Endlich: Offizielle Geocaching-App mit iPhone 5-Support

Auch wenn meine kleine Schwester immer fälschlich von „Geocatchen“ spricht – mit Wrestling hat die neue Outdoor-Beschäftigung  Geocaching rein gar nichts zu tun.

Geocaching 6.0 1 Geocaching 6.0 2 Geocaching 6.0 3 Geocaching 6.0 4

In den letzten Jahren hat sich Geocaching, eine Art digitaler Schatzsuche mittels GPS-Gerät und versteckten kleinen Geocaches, zu einer beliebten Freizeitbeschäftigung für Outdoor-Fans und Familien entwickelt. Der Einsteig in diese interessante Tätigkeit könnte einfacher nicht sein: Ein iPhone reicht schon völlig aus, um selbst auf Schatzsuche zu gehen.

Als Non-Plus-Ultra hat sich in der Vergangenheit für mich die offizielle Geocaching-App (App Store-Link) herausgestellt, die derzeit zu einem Preis von 8,99 Euro im deutschen App Store erhältlich ist. Mit dieser App bekommt der Geocacher ein Gesamtpaket vorgelegt, mit dem sich nicht nur Caches aller Art suchen lassen, sondern auch viele andere kleinere Features nutzen lassen, beispielsweise das Anzeigen von Beschreibung, Fotos oder das Loggen eines Geocaches.

Mit dem gestrig erfolgten Update auf die Version 6.0 haben die Entwickler von Groundspeak nun endlich eine Anpassung der App an das Display des iPhone 5 vorgenommen. Nutzer dieser iPhone-Generation kommen außerdem zusätzlich in den Genuß, Geocaches im Hauptmenü nach einem bestimmten Standort zu suchen. Diese Funktion ist insbesondere praktisch, wenn man bald einen Urlaub plant, und sich schon einmal im Voraus im Ferienort über vorhandene Caches informieren will.

Weiterhin ist es nun möglich, Koordinaten, die vom Nutzer auf Geocaching.com geändert worden sind, nun auch auf der App-Karte anzeigen zu lassen. Auch der Kompass in der App hat nun ein neues Design bekommen und kommt in einer modernen Grün-Orange-Weiß-Kombination daher. Schaut man sich das App-Icon auf dem iPhone-Display an, meine ich zumindest auch hier eine Überarbeitung hinsichtlich schärferer Grafiken entdeckt zu haben.

Einsteiger mit eigener Gratis-Geocaching-App

A propos entdecken: Neulinge, die das Geocachen einmal ausprobieren wollen, aber nicht gleich 8,99 Euro für die App investieren wollen, finden noch eine kostenlose Geocaching Intro-App (App Store-Link) im deutschen Store.
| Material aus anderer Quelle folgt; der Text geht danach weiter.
text \<open>The induced subgraph G[U] is Hamiltonian: a cycle (of length at least 3)
  through all vertices of U, using edges of G (which then lie inside U).\<close>

definition hamiltonian_on :: "nat set set \<Rightarrow> nat set \<Rightarrow> bool" where
  "hamiltonian_on E U \<longleftrightarrow>
     (\<exists>vs. distinct vs \<and> set vs = U \<and> length vs \<ge> 3 \<and>
        (\<forall>i < length vs - 1. {vs ! i, vs ! (i + 1)} \<in> E) \<and>
        {last vs, hd vs} \<in> E)"

definition lemma_property :: "nat \<Rightarrow> real \<Rightarrow> nat set set \<Rightarrow> bool" where
  "lemma_property n p E \<longleftrightarrow>
     (\<forall>U. U \<subseteq> {..<n} \<and> real (card U) \<ge> 4 * real n / 10^6 \<longrightarrow>
        (\<exists>F. subgraph_on E U F \<and> real (card F) \<le> p * real n ^ 2 / 10^17
              \<and> is_expander2 U F) \<longrightarrow> hamiltonian_on E U)"

end

theory Submission
  imports Defs "HOL-Real_Asymp.Real_Asymp"
begin

(* If G = G(n,p) fails the property, some U with |U| >= 4n/10^6 carries an expander F with few
   edges while G[U] is not Hamiltonian. Adding to F the edges of a longest path of G[U] gives a
   graph H that is still a non-Hamiltonian expander, has at most pn^2/10^17 + n edges, and has the
   same longest path length as G[U]. By Posa's rotation-extension technique an expander H on U has
   at least |U|^2/32 boosters: pairs whose addition makes H Hamiltonian on U or lengthens its
   longest path. So G contains H but none of its boosters, an event of probability at most
   p^e(H) exp(-p |U|^2/32). Summing over the at most 2^n sets U and over all H with few edges
   (each weighted by e^(100 e(H)) to absorb the edge bound) gives exp(-n) = o(n^-2). *)

section \<open>Paths as vertex lists\<close>

lemma last_take_Suc: "k < length xs \<Longrightarrow> last (take (Suc k) xs) = xs ! k"
  by (simp add: take_Suc_conv_app_nth)

fun path_edges :: "'a list \<Rightarrow> 'a set set" where
  "path_edges [] = {}"
| "path_edges [x] = {}"
| "path_edges (x # y # xs) = insert {x, y} (path_edges (y # xs))"

lemma path_edges_Cons: "xs \<noteq> [] \<Longrightarrow> path_edges (x # xs) = insert {x, hd xs} (path_edges xs)"
  by (cases xs) auto

lemma path_edges_append:
  "xs \<noteq> [] \<Longrightarrow> ys \<noteq> [] \<Longrightarrow>
     path_edges (xs @ ys) = path_edges xs \<union> path_edges ys \<union> {{last xs, hd ys}}"
  by (induction xs rule: path_edges.induct) (auto simp: path_edges_Cons)

lemma path_edges_snoc: "xs \<noteq> [] \<Longrightarrow> path_edges (xs @ [y]) = insert {last xs, y} (path_edges xs)"
  by (simp add: path_edges_append)

lemma path_edges_rev: "path_edges (rev xs) = path_edges xs"
proof (induction xs)
  case (Cons x xs)
  then show ?case
    by (cases "xs = []") (simp_all add: path_edges_snoc path_edges_Cons last_rev insert_commute)
qed simp

lemma mem_path_edges_iff: "e \<in> path_edges xs \<longleftrightarrow> (\<exists>k. Suc k < length xs \<and> e = {xs ! k, xs ! Suc k})"
proof (induction xs rule: path_edges.induct)
  case (3 x y xs)
  have "(\<exists>k. Suc k < length (x # y # xs) \<and> e = {(x # y # xs) ! k, (x # y # xs) ! Suc k})
      \<longleftrightarrow> e = {x, y} \<or> (\<exists>k. Suc k < length (y # xs) \<and> e = {(y # xs) ! k, (y # xs) ! Suc k})"
    by (auto simp: less_Suc_eq_0_disj)
  with 3 show ?case by simp
qed auto

lemma path_edges_nth: "Suc k < length xs \<Longrightarrow> {xs ! k, xs ! Suc k} \<in> path_edges xs"
  by (auto simp: mem_path_edges_iff)

lemma path_edges_subset_set: "e \<in> path_edges xs \<Longrightarrow> e \<subseteq> set xs"
  by (auto simp: mem_path_edges_iff)

lemma card_path_edges_le: "card (path_edges xs) \<le> length xs"
  by (induction xs rule: path_edges.induct) (auto intro: le_trans[OF card_insert_le_m1])

lemma path_edges_subset_iff:
  "path_edges xs \<subseteq> E \<longleftrightarrow> (\<forall>i < length xs - 1. {xs ! i, xs ! (i + 1)} \<in> E)"
  using path_edges_nth by (fastforce simp: mem_path_edges_iff less_diff_conv)

definition path_nbrs :: "'a list \<Rightarrow> 'a \<Rightarrow> 'a set" where
  "path_nbrs xs x = {y. {x, y} \<in> path_edges xs}"

lemma path_nbrs_sym: "y \<in> path_nbrs xs x \<longleftrightarrow> x \<in> path_nbrs xs y"
  by (simp add: path_nbrs_def insert_commute)

lemma path_nbrs_subset_set: "path_nbrs xs x \<subseteq> set xs"
  using path_edges_subset_set by (fastforce simp: path_nbrs_def)

lemma path_nbrs_notin: "x \<notin> set xs \<Longrightarrow> path_nbrs xs x = {}"
  using path_edges_subset_set by (fastforce simp: path_nbrs_def)

lemma path_nbrs_nth:
  assumes "distinct xs" "j < length xs"
  shows "path_nbrs xs (xs ! j) =
    (if Suc j < length xs then {xs ! Suc j} else {}) \<union> (if 0 < j then {xs ! (j - 1)} else {})"
proof -
  have "{xs ! j, y} = {xs ! k, xs ! Suc k} \<longleftrightarrow> (k = j \<and> y = xs ! Suc j) \<or> (Suc k = j \<and> y = xs ! k)"
    if "Suc k < length xs" for k y
    using assms that by (auto simp: doubleton_eq_iff nth_eq_iff_index_eq)
  then show ?thesis
    using assms by (auto simp: path_nbrs_def mem_path_edges_iff gr0_conv_Suc)
qed

lemma card_path_nbrs_nth:
  assumes "distinct xs" "j < length xs"
  shows "card (path_nbrs xs (xs ! j)) = of_bool (Suc j < length xs) + of_bool (0 < j)"
proof -
  have "xs ! (j - 1) \<noteq> xs ! Suc j" if "Suc j < length xs"
    using assms that by (simp add: nth_eq_iff_index_eq)
  then show ?thesis
    using assms by (simp add: path_nbrs_nth card_insert_if)
qed

lemma card_path_nbrs_inner:
  assumes "distinct xs" "x \<in> set xs" "x \<noteq> last xs"
  shows "card (path_nbrs xs x) = (if x = hd xs then 1 else 2)"
proof -
  obtain j where j: "j < length xs" "x = xs ! j" using assms(2) by (metis in_set_conv_nth)
  then have "xs \<noteq> []" by auto
  then have "j \<noteq> length xs - 1" using assms(3) j by (auto simp: last_conv_nth)
  then have "Suc j < length xs" using j(1) by linarith
  moreover have "x = hd xs \<longleftrightarrow> j = 0"
    using j assms(1) \<open>xs \<noteq> []\<close> by (auto simp: hd_conv_nth nth_eq_iff_index_eq)
  ultimately show ?thesis using card_path_nbrs_nth[OF assms(1) j(1)] j(2) by auto
qed

lemma card_path_nbrs_le_2: "distinct xs \<Longrightarrow> card (path_nbrs xs x) \<le> 2"
  by (cases "x \<in> set xs") (auto simp: in_set_conv_nth card_path_nbrs_nth path_nbrs_notin)

lemma card_path_nbrs_last_le_1: "distinct xs \<Longrightarrow> xs \<noteq> [] \<Longrightarrow> card (path_nbrs xs (last xs)) \<le> 1"
  by (simp add: last_conv_nth card_path_nbrs_nth)

definition is_path :: "'a set \<Rightarrow> 'a set set \<Rightarrow> 'a list \<Rightarrow> bool" where
  "is_path U G vs \<longleftrightarrow> vs \<noteq> [] \<and> distinct vs \<and> set vs \<subseteq> U \<and> path_edges vs \<subseteq> G"

definition longest_path_length :: "'a set \<Rightarrow> 'a set set \<Rightarrow> nat" where
  "longest_path_length U G = Max (length ` {vs. is_path U G vs})"

definition is_longest_path :: "'a set \<Rightarrow> 'a set set \<Rightarrow> 'a list \<Rightarrow> bool" where
  "is_longest_path U G vs \<longleftrightarrow> is_path U G vs \<and> length vs = longest_path_length U G"

lemma is_path_rev: "is_path U G (rev vs) \<longleftrightarrow> is_path U G vs"
  by (auto simp: is_path_def path_edges_rev)

lemma is_path_mono: "is_path U G vs \<Longrightarrow> G \<subseteq> G' \<Longrightarrow> is_path U G' vs"
  by (auto simp: is_path_def)

lemma is_path_length_le_card: "finite U \<Longrightarrow> is_path U G vs \<Longrightarrow> length vs \<le> card U"
  unfolding is_path_def by (metis card_mono distinct_card)

lemma finite_paths:
  assumes "finite U"
  shows "finite {vs. is_path U G vs}"
proof (rule finite_subset)
  show "{vs. is_path U G vs} \<subseteq> {vs. set vs \<subseteq> U \<and> length vs \<le> card U}"
    using is_path_length_le_card[OF assms] by (auto simp: is_path_def)
qed (use finite_lists_length_le[OF assms] in simp)

lemma is_path_length_le_longest:
  "finite U \<Longrightarrow> is_path U G vs \<Longrightarrow> length vs \<le> longest_path_length U G"
  unfolding longest_path_length_def using finite_paths by (intro Max_ge) auto

lemma longest_path_exists:
  assumes "finite U" "U \<noteq> {}"
  obtains vs where "is_longest_path U G vs"
proof -
  obtain u where "u \<in> U" using assms(2) by blast
  then have "is_path U G [u]" by (simp add: is_path_def)
  then have "longest_path_length U G \<in> length ` {vs. is_path U G vs}"
    unfolding longest_path_length_def using finite_paths[OF assms(1)] by (intro Max_in) auto
  then show thesis using that by (auto simp: is_longest_path_def)
qed

lemma longest_path_length_mono:
  assumes "finite U" "U \<noteq> {}" "G \<subseteq> G'"
  shows "longest_path_length U G \<le> longest_path_length U G'"
proof -
  obtain vs where "is_longest_path U G vs" using longest_path_exists[OF assms(1,2)] .
  moreover from this have "is_path U G' vs"
    using is_path_mono assms(3) by (auto simp: is_longest_path_def)
  ultimately show ?thesis
    using is_path_length_le_longest[OF assms(1), of G' vs] by (simp add: is_longest_path_def)
qed

lemma longest_path_end_nbr_in_path:
  assumes "finite U" "is_longest_path U G vs" "{last vs, x} \<in> G" "x \<in> U"
  shows "x \<in> set vs"
proof (rule ccontr)
  assume "x \<notin> set vs"
  with assms have "is_path U G (vs @ [x])"
    by (auto simp: is_longest_path_def is_path_def path_edges_snoc)
  then show False
    using is_path_length_le_longest[OF assms(1)] assms(2) by (fastforce simp: is_longest_path_def)
qed

section \<open>Posa rotations\<close>

(* Rotation of vs with pivot vs ! i: the edge {vs ! i, last vs} replaces {vs ! i, vs ! Suc i},
   and vs ! Suc i becomes the new end. *)
definition posa_rotation :: "'a list \<Rightarrow> nat \<Rightarrow> 'a list" where
  "posa_rotation vs i = take (Suc i) vs @ rev (drop (Suc i) vs)"

lemma length_posa_rotation [simp]: "length (posa_rotation vs i) = length vs"
  by (simp add: posa_rotation_def)

lemma set_posa_rotation [simp]: "set (posa_rotation vs i) = set vs"
  by (metis posa_rotation_def append_take_drop_id set_append set_rev)

lemma distinct_posa_rotation [simp]: "distinct (posa_rotation vs i) \<longleftrightarrow> distinct vs"
  by (metis posa_rotation_def append_take_drop_id distinct_append distinct_rev set_rev)

lemma hd_posa_rotation: "vs \<noteq> [] \<Longrightarrow> hd (posa_rotation vs i) = hd vs"
  by (simp add: posa_rotation_def)

lemma last_posa_rotation: "Suc i < length vs \<Longrightarrow> last (posa_rotation vs i) = vs ! Suc i"
  by (simp add: posa_rotation_def last_rev hd_drop_conv_nth)

lemma path_edges_split_nth:
  assumes "Suc i < length vs"
  shows "path_edges vs =
    path_edges (take (Suc i) vs) \<union> path_edges (drop (Suc i) vs) \<union> {{vs ! i, vs ! Suc i}}"
proof -
  from assms have "vs \<noteq> []" by auto
  with assms show ?thesis
    using path_edges_append[of "take (Suc i) vs" "drop (Suc i) vs"]
    by (simp add: hd_drop_conv_nth last_take_Suc)
qed

lemma path_edges_posa_rotation:
  assumes "Suc i < length vs"
  shows "path_edges (posa_rotation vs i) =
    path_edges (take (Suc i) vs) \<union> path_edges (drop (Suc i) vs) \<union> {{vs ! i, last vs}}"
proof -
  from assms have "vs \<noteq> []" by auto
  with assms show ?thesis
    using path_edges_append[of "take (Suc i) vs" "rev (drop (Suc i) vs)"]
    by (simp add: posa_rotation_def path_edges_rev hd_rev last_take_Suc)
qed

inductive_set rotations :: "'a set set \<Rightarrow> 'a list \<Rightarrow> 'a list set" for G P where
  base: "P \<in> rotations G P"
| step: "Q \<in> rotations G P \<Longrightarrow> Suc i < length Q \<Longrightarrow> {last Q, Q ! i} \<in> G \<Longrightarrow>
    posa_rotation Q i \<in> rotations G P"

definition rotation_ends :: "'a set set \<Rightarrow> 'a list \<Rightarrow> 'a set" where
  "rotation_ends G P = last ` rotations G P"

lemma rotations_path:
  assumes "is_path U G P" "Q \<in> rotations G P"
  shows "is_path U G Q \<and> hd Q = hd P \<and> set Q = set P \<and> length Q = length P"
  using assms(2)
proof induction
  case (step Q i)
  then have "path_edges Q \<subseteq> G" by (simp add: is_path_def)
  then have "path_edges (posa_rotation Q i) \<subseteq> G"
    using step(3) unfolding path_edges_posa_rotation[OF step(2)] path_edges_split_nth[OF step(2)]
    by (auto simp: insert_commute)
  moreover have "posa_rotation Q i \<noteq> []"
    using step(2) by (auto simp flip: length_greater_0_conv)
  ultimately show ?case
    using step assms(1) by (simp add: is_path_def hd_posa_rotation)
qed (use assms(1) in simp)

lemma rotations_longest_path:
  "is_longest_path U G P \<Longrightarrow> Q \<in> rotations G P \<Longrightarrow> is_longest_path U G Q"
  using rotations_path[of U G P Q] by (simp add: is_longest_path_def)

lemma rotation_ends_subset:
  assumes "is_path U G P"
  shows "rotation_ends G P \<subseteq> set P"
proof
  fix z assume "z \<in> rotation_ends G P"
  then obtain Q where "Q \<in> rotations G P" "z = last Q" by (auto simp: rotation_ends_def)
  with rotations_path[OF assms] show "z \<in> set P"
    by (metis is_path_def last_in_set)
qed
Hier ist der Umfang zwar deutlich beschnitten, da dem Nutzer immer nur drei Geocaches in der Nähe angezeigt werden, aber für ein erstes Hineinschnuppern in die Materie kann man mit der Intro-App nichts verkehrt machen.

Bezüglich des iPhones als GPS-Empfänger werden viele alteingesessene Geocacher bestimmt mit den Augen rollen – „viel zu ungenau, damit lässt sich doch nicht arbeiten“. Meine Erfahrung hat allerdings bisher gezeigt, dass sich mit dem iPhone 4 und 5 doch sehr gut auf Suche gehen lässt. Wer allerdings vorhat, selbst einmal einen Cache zu legen, sollte vielleicht doch über den Kauf eines etwas genaueren Outdoor-GPS-Gerätes nachdenken, z.b. das Garmin eTrex 30 (Amazon-Link).

Vielleicht findet ihr euch ja auch schon bald mit dem iPhone in der Hand auf der Suche nach Geocaches in Form von kleinen Film- oder größeren Tupperdosen wieder. Mit derzeit etwa 2.060.000 Caches auf der ganzen Welt sollte der ein oder andere sicherlich auch in eurer Nähe versteckt sein. Wie immer steht euch bei so einem umfangreichen Thema, das zu Diskussionen einlädt, die Kommentarfunktion offen: Seid ihr aktive Geocacher? Wenn ja, mit welchen Geräten geht ihr auf Suche? Was war euer spektakulärster Fund? Und habt ihr weitere Tipps für Anfänger?

Kommentare 20 Antworten

    1. Die hier vorgestellte App ist die offizielle App.
      Gibt noch z.B. noch inoffizielle Apps wie „Looking4Cache“ und „Geosphere“.
      Wer das Geocaching „richtig“ betreiben will, wird sich aber kurz über lang ein richtiges GPSr anschaffen.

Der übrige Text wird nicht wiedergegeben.